lemma respects_perm_antimono:
  assumes resp: "respects_perm f G \<pi>" and "p \<le> q" "q < fst G"
  shows "f G (\<pi> q) \<le> f G (\<pi> p)"
  using assms(2,3)
proof (induction q)
  case 0
  then show ?case by simp
next
  case (Suc q)
  show ?case
  proof (cases "p = Suc q")
    case False
    then have "f G (\<pi> q) \<le> f G (\<pi> p)" using Suc by simp
    moreover have "f G (\<pi> (Suc q)) \<le> f G (\<pi> q)"
      using resp Suc.prems by (simp add: respects_perm_def)
    ultimately show ?thesis by simp
  qed simp
qed

lemma respects_perm_swap_tie:
  assumes "respects_perm f G \<pi>" "f G (\<pi> a) = f G (\<pi> (Suc a))"
  shows "respects_perm f G (\<pi> \<circ> transpose a (Suc a))"
proof -
  have "f G ((\<pi> \<circ> transpose a (Suc a)) q) = f G (\<pi> q)" for q
    using assms(2) by (simp add: transpose_def)
  then show ?thesis using assms(1) by (simp add: respects_perm_def)
qed

lemma centrality_equiv_has_no_ties:
  assumes equiv: "centrality_equiv f g" and G: "wf_graph G" and no_ties: "has_no_ties f G"
  shows "has_no_ties g G"
proof -
  obtain \<pi> where \<pi>: "\<pi> permutes nodes G" and f_resp: "respects_perm f G \<pi>"
    using ex_respects_perm by blast
  have g_resp: "respects_perm g G \<pi>"
    using equiv G \<pi> f_resp unfolding centrality_equiv_def by blast
  have g_strict: "g G (\<pi> (Suc a)) < g G (\<pi> a)" if a: "a + 1 < fst G" for a
  proof -
    have a_nodes: "a \<in> nodes G" "Suc a \<in> nodes G" using a by (simp_all add: nodes_def)
    have "g G (\<pi> (a + 1)) \<le> g G (\<pi> a)" using g_resp a unfolding respects_perm_def by blast
    moreover have "g G (\<pi> a) \<noteq> g G (\<pi> (Suc a))"
    proof
      assume tie: "g G (\<pi> a) = g G (\<pi> (Suc a))"
      let ?\<sigma> = "\<pi> \<circ> transpose a (Suc a)"
      have "transpose a (Suc a) permutes nodes G" using a_nodes by (rule permutes_swap_id)
      then have "?\<sigma> permutes nodes G" using \<pi> by (rule permutes_compose)
      moreover have "respects_perm g G ?\<sigma>" using g_resp tie by (rule respects_perm_swap_tie)
      ultimately have "respects_perm f G ?\<sigma>" using equiv G unfolding centrality_equiv_def by blast
      then have "f G (?\<sigma> (a + 1)) \<le> f G (?\<sigma> a)" using a unfolding respects_perm_def by blast
      moreover have "f G (\<pi> (a + 1)) \<le> f G (\<pi> a)" using f_resp a unfolding respects_perm_def by blast
      moreover have "f G (\<pi> a) \<noteq> f G (\<pi> (Suc a))"
        using no_ties a_nodes permutes_in_image[OF \<pi>] inj_eq[OF permutes_inj[OF \<pi>]]
        unfolding has_no_ties_def by simp
      ultimately show False by simp
    qed
    ultimately show ?thesis by simp
  qed
  have separated: "g G (\<pi> p) \<noteq> g G (\<pi> q)" if "p < q" "q < fst G" for p q
  proof -
    have "g G (\<pi> q) \<le> g G (\<pi> (Suc p))"
      by (rule respects_perm_antimono[OF g_resp]) (use that in simp_all)
    then show ?thesis using g_strict[of p] that by simp
  qed
  show ?thesis
    unfolding has_no_ties_def
  proof (intro ballI impI)
    fix i j assume "i \<in> nodes G" "j \<in> nodes G" "i \<noteq> j"
    then have "i \<in> \<pi> ` nodes G" "j \<in> \<pi> ` nodes G" using permutes_image[OF \<pi>] by simp_all
    then obtain p q where "p < fst G" "q < fst G" "i = \<pi> p" "j = \<pi> q"
      by (auto simp: nodes_def)
    with \<open>i \<noteq> j\<close> show "g G i \<noteq> g G j"
      using separated[of p q] separated[of q p] by (cases p q rule: linorder_cases) simp_all
  qed
qed

lemma geometric_no_ties_imp_geom_rigid:
  assumes "geometric f" "wf_graph G" "has_no_ties f G"
  shows "geom_rigid G"
proof -
  obtain g where g: "strictly_geometric g" "centrality_equiv f g"
    using assms(1) by (auto simp: geometric_def)
  then have "has_no_ties g G" using assms(2,3) centrality_equiv_has_no_ties by blast
  show ?thesis
    unfolding geom_rigid_iff[OF assms(2)]
  proof (intro ballI impI)
    fix i j assume ij: "i \<in> nodes G" "j \<in> nodes G" "i \<noteq> j"
    then have "g G i \<noteq> g G j" using \<open>has_no_ties g G\<close> unfolding has_no_ties_def by blast
    then show "dcount G i \<noteq> dcount G j"
      using g(1) assms(2) ij unfolding strictly_geometric_def by blast
  qed
qed

lemma geometric_if_strictly_geometric:
  assumes "is_centrality f" "strictly_geometric f"
  shows "geometric f"
  using assms by (auto simp: geometric_def centrality_equiv_def)

(* Abs_poly is junk unless dcount G i is eventually 0, which holds for well-formed G. *)
definition distance_poly :: "graph \<Rightarrow> nat \<Rightarrow> nat poly" where
  "distance_poly G i = Abs_poly (dcount G i)"

lemma coeff_distance_poly:
  assumes "wf_graph G"
  shows "coeff (distance_poly G i) = dcount G i"
  unfolding distance_poly_def using dcount_eq_0[OF assms] by (intro coeff_Abs_poly[where n = "fst G"]) simp

definition distance_centrality :: "graph \<Rightarrow> nat \<Rightarrow> real" where
  "distance_centrality G i = real (to_nat (coeffs (distance_poly G i)))"

lemma is_centrality_distance_centrality: "is_centrality distance_centrality"
  by (simp add: is_centrality_def distance_centrality_def distance_poly_def dcount_is_iso)

lemma strictly_geometric_distance_centrality: "strictly_geometric distance_centrality"
  by (simp add: strictly_geometric_def distance_centrality_def distance_poly_def)

lemma has_no_ties_distance_centrality:
  assumes G: "wf_graph G" and rigid: "geom_rigid G"
  shows "has_no_ties distance_centrality G"
proof -
  have "dcount G i = dcount G j" if "distance_centrality G i = distance_centrality G j" for i j
  proof -
    have "coeffs (distance_poly G i) = coeffs (distance_poly G j)"
      using that injD[OF inj_to_nat] by (simp add: distance_centrality_def)
    then have "distance_poly G i = distance_poly G j" using coeffs_eq_iff by blast
    then show ?thesis using coeff_distance_poly[OF G] by metis
  qed
  then show ?thesis using rigid unfolding geom_rigid_iff[OF G] has_no_ties_def by blast
qed

theorem theorem2:
  shows "(\<forall>f G. is_centrality f \<and> geometric f \<and> wf_graph G \<and> \<not> geom_rigid G
            \<longrightarrow> \<not> has_no_ties f G)
       \<and> (\<exists>f. is_centrality f \<and> geometric f \<and>
            (\<forall>G. wf_graph G \<and> geom_rigid G \<longrightarrow> has_no_ties f G))"
proof (intro conjI)
  show "\<forall>f G. is_centrality f \<and> geometric f \<and> wf_graph G \<and> \<not> geom_rigid G
            \<longrightarrow> \<not> has_no_ties f G"
    using geometric_no_ties_imp_geom_rigid by blast
  have "geometric distance_centrality"
    using is_centrality_distance_centrality strictly_geometric_distance_centrality
    by (rule geometric_if_strictly_geometric)
  then show "\<exists>f. is_centrality f \<and> geometric f \<and>
            (\<forall>G. wf_graph G \<and> geom_rigid G \<longrightarrow> has_no_ties f G)"
    using is_centrality_distance_centrality has_no_ties_distance_centrality by blast
qed

end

* THE PROBLEM: Repeat exactly the lines of the data from the first one through the line with "Suc by simp", both of them included.

* WRITTEN RESPONSE:
lemma respects_perm_antimono:
  assumes resp: "respects_perm f G \<pi>" and "p \<le> q" "q < fst G"
  shows "f G (\<pi> q) \<le> f G (\<pi> p)"
  using assms(2,3)
proof (induction q)
  case 0
  then show ?case by simp
next
  case (Suc q)
  show ?case
  proof (cases "p = Suc q")
    case False
    then have "f G (\<pi> q) \<le> f G (\<pi> p)" using Suc by simp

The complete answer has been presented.